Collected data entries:
(* Let $n$ be a positive integer and $r$ an integer with $0\le r\le \lceil n/2\rceil$, and let $d_\star=d_\star(r,n)$ be an integer maximising $q_n^{r,d}$ over all integers $d$. Then either \[ d_\star = \left\lceil \frac{(n-2r)^2+2n-5r-1}{n-r+3}\right\rceil \quad\text{or}\quad d_\star = \frac{(n-2r)^2+2n-5r-1}{n-r+3}+1. \]
   Context: $Q(P_n)$ is the family of subsets of $[n]$ containing no two consecutive integers, and $Q^{(r)}(P_n)$ its members of size $r$. The out-degree $d^+(A)$ of $A\in Q(P_n)$ is the number of $b\in[n]\setminus A$ with $A\cup\{b\}\in Q(P_n)$. $q_n^{r,d}$ is the number of $A\in Q^{(r)}(P_n)$ with $d^+(A)=d$. *)

theory Defs
  imports Complex_Main
begin

definition indep_path :: "nat \<Rightarrow> nat set set" where
  "indep_path n = {A. A \<subseteq> {1..n} \<and> (\<forall>i\<in>A. Suc i \<notin> A)}"

definition outdeg :: "nat \<Rightarrow> nat set \<Rightarrow> nat" where
  "outdeg n A = card {b \<in> {1..n} - A. insert b A \<in> indep_path n}"

definition qcount :: "nat \<Rightarrow> nat \<Rightarrow> int \<Rightarrow> nat" where
  "qcount n r d = card {A \<in> indep_path n. card A = r \<and> int (outdeg n A) = d}"

end

theory Submission
  imports Defs
begin

text \<open>Splitting the independent \<open>r\<close>-sets of \<open>P\<^sub>n\<close> according to whether they contain the
  last vertex gives recurrences in \<open>n\<close> whose solution is
  \<open>qcount n r d = C(r+1, m-d) C(m-1, d)\<close> with \<open>m = n+1-2r\<close> (for \<open>m = 0\<close> only \<open>d = 0\<close> occurs).
  In \<open>k = m - d\<close> this is \<open>C(a, k) C(b, b+1-k)\<close> with \<open>a = r+1\<close>, \<open>b = m-1\<close>, and comparing
  consecutive terms shows that a maximiser satisfies \<open>(k-1)(a+b+2) \<le> a(b+1) \<le> k(a+b+2)\<close>.
  Back in terms of \<open>d\<close> this reads \<open>X \<le> d D \<le> X + D\<close> where \<open>X/D\<close> is the fraction in the
  statement, which leaves only \<open>d = \<lceil>X/D\<rceil>\<close> and \<open>d = X/D + 1\<close>.\<close>

definition free_vertices :: "nat \<Rightarrow> nat set \<Rightarrow> nat set" where
  "free_vertices n A = {b \<in> {1..n}. b \<notin> A \<and> Suc b \<notin> A \<and> (\<forall>i\<in>A. Suc i \<noteq> b)}"

lemma finite_indep_path: "finite (indep_path n)"
  by (rule finite_subset[of _ "Pow {1..n}"]) (auto simp: indep_path_def)

lemma outdeg_eq_card_free_vertices:
  "A \<in> indep_path n \<Longrightarrow> outdeg n A = card (free_vertices n A)"
  unfolding outdeg_def free_vertices_def indep_path_def
  by (rule arg_cong[where f = card]) auto

lemma outdeg_Suc:
  assumes "A \<in> indep_path n"
  shows "outdeg (Suc n) A = outdeg n A + (if n \<in> A then 0 else 1)"
proof -
  have A': "A \<in> indep_path (Suc n)"
    using assms by (auto simp: indep_path_def)
  have "free_vertices (Suc n) A = free_vertices n A \<union> (if n \<in> A then {} else {Suc n})"
    using assms unfolding free_vertices_def indep_path_def by (auto simp: le_Suc_eq)
  moreover have "Suc n \<notin> free_vertices n A" "finite (free_vertices n A)"
    by (auto simp: free_vertices_def)
  ultimately show ?thesis
    using outdeg_eq_card_free_vertices[OF assms] outdeg_eq_card_free_vertices[OF A'] by auto
qed

lemma indep_path_Suc_without_last: "{A \<in> indep_path (Suc n). Suc n \<notin> A} = indep_path n"
  unfolding indep_path_def by (auto simp: le_Suc_eq subset_iff)

lemma indep_path_Suc_Suc_with_last:
  "{A \<in> indep_path (Suc (Suc n)). Suc (Suc n) \<in> A} = insert (Suc (Suc n)) ` indep_path n"
proof (intro equalityI subsetI)
  fix A assume "A \<in> {A \<in> indep_path (Suc (Suc n)). Suc (Suc n) \<in> A}"
  hence A: "A \<subseteq> {1..Suc (Suc n)}" "\<forall>i\<in>A. Suc i \<notin> A" "Suc (Suc n) \<in> A"
    by (auto simp: indep_path_def)
  hence "A - {Suc (Suc n)} \<in> indep_path n"
    by (auto simp: indep_path_def subset_iff le_Suc_eq)
  moreover have "A = insert (Suc (Suc n)) (A - {Suc (Suc n)})"
    using A by auto
  ultimately show "A \<in> insert (Suc (Suc n)) ` indep_path n" by blast
qed (auto simp: indep_path_def)

lemma outdeg_insert_last:
  assumes "B \<in> indep_path n"
  shows "outdeg (Suc (Suc n)) (insert (Suc (Suc n)) B) = outdeg n B"
proof -
  have B': "insert (Suc (Suc n)) B \<in> indep_path (Suc (Suc n))"
    using indep_path_Suc_Suc_with_last[of n] assms by blast
  have "free_vertices (Suc (Suc n)) (insert (Suc (Suc n)) B) = free_vertices n B"
    using assms unfolding free_vertices_def indep_path_def by (auto simp: subset_iff le_Suc_eq)
  thus ?thesis
    using outdeg_eq_card_free_vertices[OF assms] outdeg_eq_card_free_vertices[OF B'] by simp
qed

definition qcount_excl :: "nat \<Rightarrow> nat \<Rightarrow> int \<Rightarrow> nat" where
  "qcount_excl n r d = card {A \<in> indep_path n. card A = r \<and> int (outdeg n A) = d \<and> n \<notin> A}"

definition qcount_incl :: "nat \<Rightarrow> nat \<Rightarrow> int \<Rightarrow> nat" where
  "qcount_incl n r d = card {A \<in> indep_path n. card A = r \<and> int (outdeg n A) = d \<and> n \<in> A}"

lemma qcount_eq_excl_plus_incl: "qcount n r d = qcount_excl n r d + qcount_incl n r d"
proof -
  have "{A \<in> indep_path n. card A = r \<and> int (outdeg n A) = d}
      = {A \<in> indep_path n. card A = r \<and> int (outdeg n A) = d \<and> n \<notin> A}
      \<union> {A \<in> indep_path n. card A = r \<and> int (outdeg n A) = d \<and> n \<in> A}"
    by blast
  thus ?thesis
    unfolding qcount_def qcount_excl_def qcount_incl_def
    by (simp add: card_Un_disjoint finite_indep_path disjoint_iff)
qed

lemma qcount_excl_Suc: "qcount_excl (Suc n) r d = qcount_excl n r (d - 1) + qcount_incl n r d"
proof -
  have "{A \<in> indep_path (Suc n). card A = r \<and> int (outdeg (Suc n) A) = d \<and> Suc n \<notin> A}
      = {A \<in> indep_path n. card A = r \<and> int (outdeg (Suc n) A) = d}"
    using indep_path_Suc_without_last[of n] by blast
  also have "\<dots> = {A \<in> indep_path n. card A = r \<and> int (outdeg n A) = d - 1 \<and> n \<notin> A}
      \<union> {A \<in> indep_path n. card A = r \<and> int (outdeg n A) = d \<and> n \<in> A}"
    using outdeg_Suc[of _ n] by (auto split: if_splits)
  finally show ?thesis
    unfolding qcount_excl_def qcount_incl_def
    by (simp add: card_Un_disjoint finite_indep_path disjoint_iff)
qed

- **THE PROBLEM**: Where does the string "rule" appear in the records above? Show every line that holds it.

- **SOLUTION FOR THIS TASK**:
  by (rule finite_subset[of _ "Pow {1..n}"]) (auto simp: indep_path_def)
  by (rule arg_cong[where f = card]) auto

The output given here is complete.